» **EXERCISE PROMPT**: Count the lines of data below that include "lists". Provide only the number.
-- INPUT MATERIAL follows --
(* Let $G$ be a finite abelian group and $V\in{}^{G}_{G}\mathcal{YD}$ of finite Cartan type with each $q_{ii}$ of odd order and of order coprime to $3$ whenever $i$ lies in a component of type $G_2$, and with the basis $x_1,\dots,x_\theta$ ordered so that $(a_{ij})$ is block diagonal with each block the Cartan matrix of a connected Dynkin diagram. Let $N_i=\mathrm{ord}(q_{ii})$ and $S_{\mathrm{ord}}=TV/(\mathrm{ad}_{\mathrm{sk}}(x_i)(x_j):i<j)$, $s_{\mathrm{ord}}=TV/(\mathrm{ad}_{\mathrm{sk}}(x_i)(x_j)\ (i<j),\ x_i^{N_i}\ (\text{all }i))$. Then the projections $TV\to S_{\mathrm{ord}}$ and $TV\to s_{\mathrm{ord}}$ factor to give surjections $R^{\mathrm{pre}}\to S_{\mathrm{ord}}$ and $B(V)\to s_{\mathrm{ord}}$ respectively.
   Context: ${}^{G}_{G}\mathcal{YD}$: Yetter–Drinfeld modules over $G$. $V$ has homogeneous basis $x_i$ of $G$-degree $g_i$ with $g\cdot x_i=\chi_i(g)x_i$; $q_{ij}=\chi_j(g_i)$. Cartan type: an integer matrix $(a_{ij})$ with $a_{ii}=2$, $0\le -a_{ij}<\mathrm{ord}(q_{ii})$ ($i\ne j$), $q_{ij}q_{ji}=q_{ii}^{a_{ij}}$; finite Cartan type: the Nichols algebra $B(V)$ is finite-dimensional. For homogeneous $y$, $\mathrm{ad}_{\mathrm{sk}}(x_i)(y)=x_iy-(g_i\cdot y)x_i$, so $\mathrm{ad}_{\mathrm{sk}}(x_i)(x_j)=x_ix_j-q_{ij}x_jx_i$. $R^{\mathrm{pre}}=TV/(\mathrm{ad}_{\mathrm{sk}}(x_i)^{1-a_{ij}}(x_j):i\neq j)$. *)

theory Defs
  imports Complex_Main "HOL-Combinatorics.Permutations"
begin

text \<open>Noncommutative polynomials in x_0,...,x_{theta-1} (the tensor algebra TV) are
represented as coefficient functions on words (lists of indices).\<close>

type_synonym 'k ncpoly = "nat list \<Rightarrow> 'k"

definition TV :: "nat \<Rightarrow> ('k::field) ncpoly set" where
  "TV \<theta> = {f. finite {w. f w \<noteq> 0} \<and> {w. f w \<noteq> 0} \<subseteq> lists {..<\<theta>}}"

definition mon :: "nat list \<Rightarrow> ('k::field) ncpoly" where
  "mon u = (\<lambda>w. if w = u then 1 else 0)"

definition X :: "nat \<Rightarrow> ('k::field) ncpoly" where
  "X i = mon [i]"

definition ncmult :: "('k::field) ncpoly \<Rightarrow> 'k ncpoly \<Rightarrow> 'k ncpoly" (infixl "\<cdot>\<^sub>T" 70) where
  "f \<cdot>\<^sub>T h = (\<lambda>w. \<Sum>k\<le>length w. f (take k w) * h (drop k w))"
-- INPUT MATERIAL concluded --
» **WRITTEN RESPONSE**: 2